[Your instructions] Copy out each line below that has the word "dots" in it.

[Data for analysis]

= = =

lemma u_increment_le: assumes ab: "\<bar>a\<bar> \<le> \<bar>b\<bar> / 2"
  shows "\<bar>u (a + b) - u b\<bar> \<le> \<bar>a\<bar> * (A * Cd * denv \<bar>b\<bar>)"
proof (cases "a = 0")
  case True then show ?thesis by simp
next
  case False
  have "\<exists>z. \<bar>z - b\<bar> \<le> \<bar>a\<bar> \<and> \<bar>u (a + b) - u b\<bar> = \<bar>a\<bar> * \<bar>deriv u z\<bar>"
  proof (cases "a > 0")
    case True
    obtain z where z: "b < z" "z < b + a" "u (b + a) - u b = (b + a - b) * deriv u z"
      using MVT2[of b "b + a" u "deriv u"] True has_deriv by auto
    then show ?thesis using True by (intro exI[of _ z]) (auto simp: abs_mult add.commute)
  next
    case False
    then have an: "a < 0" using \<open>a \<noteq> 0\<close> by simp
    obtain z where z: "b + a < z" "z < b" "u b - u (b + a) = (b - (b + a)) * deriv u z"
      using MVT2[of "b + a" b u "deriv u"] an has_deriv by auto
    have "\<bar>u (a + b) - u b\<bar> = \<bar>u b - u (b + a)\<bar>" by (simp add: add.commute abs_minus_commute)
    then show ?thesis using an z by (intro exI[of _ z]) (auto simp: abs_mult)
  qed
  then obtain z where z: "\<bar>z - b\<bar> \<le> \<bar>a\<bar>" "\<bar>u (a + b) - u b\<bar> = \<bar>a\<bar> * \<bar>deriv u z\<bar>" by blast
  have bpos: "\<bar>b\<bar> > 0" using ab False by simp
  have zb: "\<bar>b\<bar> / 2 \<le> \<bar>z\<bar>" "\<bar>z\<bar> \<le> 3 * \<bar>b\<bar> / 2" using z(1) ab by linarith+
  have "\<bar>deriv u z\<bar> \<le> A * denv \<bar>z\<bar>" by (rule deriv_le_denv)
  also have "\<dots> \<le> A * (Cd * denv \<bar>b\<bar>)"
    unfolding denv_def Cd_def using exponents A_ge bpos zb by (intro mult_left_mono min_powr_le_of_comparable) auto
  finally have "\<bar>deriv u z\<bar> \<le> A * Cd * denv \<bar>b\<bar>" by (simp add: mult.assoc)
  then show ?thesis using z(2) by (simp add: mult_left_mono)
qed

lemma u_increment_le_diagonal:
  assumes "\<bar>a\<bar> \<le> \<bar>b\<bar>" "\<bar>b\<bar> \<le> 2 * \<bar>a\<bar>"
  shows "\<bar>u (a + b) - u b\<bar> \<le> A * 2 powr (\<beta> + \<delta>) * env \<bar>b\<bar>"
proof -
  have "u (a + b) \<le> A * env \<bar>a + b\<bar>" by (rule u_le_env)
  also have "\<dots> \<le> A * (2 powr (\<beta> + \<delta>) * env \<bar>b\<bar>)"
    unfolding env_def using A_ge exponents assms by (intro mult_left_mono min_powr_le_of_le_double) auto
  finally have "u (a + b) \<le> A * 2 powr (\<beta> + \<delta>) * env \<bar>b\<bar>" by (simp add: mult.assoc)
  moreover have "u b \<le> A * 2 powr (\<beta> + \<delta>) * env \<bar>b\<bar>"
  proof -
    have "(1::real) \<le> 2 powr (\<beta> + \<delta>)" using exponents by (intro ge_one_powr_ge_zero) auto
    then have "A * 1 * env \<bar>b\<bar> \<le> A * 2 powr (\<beta> + \<delta>) * env \<bar>b\<bar>"
      using A_ge env_nonneg by (intro mult_right_mono mult_left_mono) auto
    then show ?thesis using u_le_env[of b] by simp
  qed
  ultimately show ?thesis using u_nonneg[of "a + b"] u_nonneg[of b] by linarith
qed

lemma second_difference_sq_le: assumes ab: "\<bar>a\<bar> \<le> \<bar>b\<bar>"
  shows "(u (a + b) - u a - u b)^2 \<le> 2 * (A * env \<bar>a\<bar>)^2 + 2 * (a^2 * (A * Cd * denv \<bar>b\<bar>)^2)
           + 2 * (if \<bar>b\<bar> \<le> 2 * \<bar>a\<bar> then (A * 2 powr (\<beta> + \<delta>) * env \<bar>b\<bar>)^2 else 0)"
proof -
  define x where "x = u (a + b) - u b"
  have "(u (a + b) - u a - u b)^2 \<le> 2 * x^2 + 2 * (u a)^2"
    using zero_le_power2[of "x + u a"] unfolding x_def by (simp add: power2_eq_square algebra_simps)
  moreover have "(u a)^2 \<le> (A * env \<bar>a\<bar>)^2"
    using u_le_env[of a] u_nonneg[of a] by (intro power_mono) auto
  moreover have "x^2 \<le> a^2 * (A * Cd * denv \<bar>b\<bar>)^2
      + (if \<bar>b\<bar> \<le> 2 * \<bar>a\<bar> then (A * 2 powr (\<beta> + \<delta>) * env \<bar>b\<bar>)^2 else 0)"
  proof (cases "\<bar>a\<bar> \<le> \<bar>b\<bar> / 2")
    case True
    have "\<bar>x\<bar> \<le> \<bar>a\<bar> * (A * Cd * denv \<bar>b\<bar>)" unfolding x_def by (rule u_increment_le[OF True])
    then have "\<bar>x\<bar>^2 \<le> (\<bar>a\<bar> * (A * Cd * denv \<bar>b\<bar>))^2" by (intro power_mono) auto
    then show ?thesis by (simp add: power_mult_distrib add_increasing2)
  next
    case False
    then have "\<bar>x\<bar>^2 \<le> (A * 2 powr (\<beta> + \<delta>) * env \<bar>b\<bar>)^2"
      unfolding x_def using ab by (intro power_mono u_increment_le_diagonal) auto
    with False show ?thesis by (simp add: add_increasing)
  qed
  ultimately show ?thesis by linarith
qed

= = =

[Expected output]
  also have "\<dots> \<le> A * (Cd * denv \<bar>b\<bar>)"
  also have "\<dots> \<le> A * (2 powr (\<beta> + \<delta>) * env \<bar>b\<bar>)"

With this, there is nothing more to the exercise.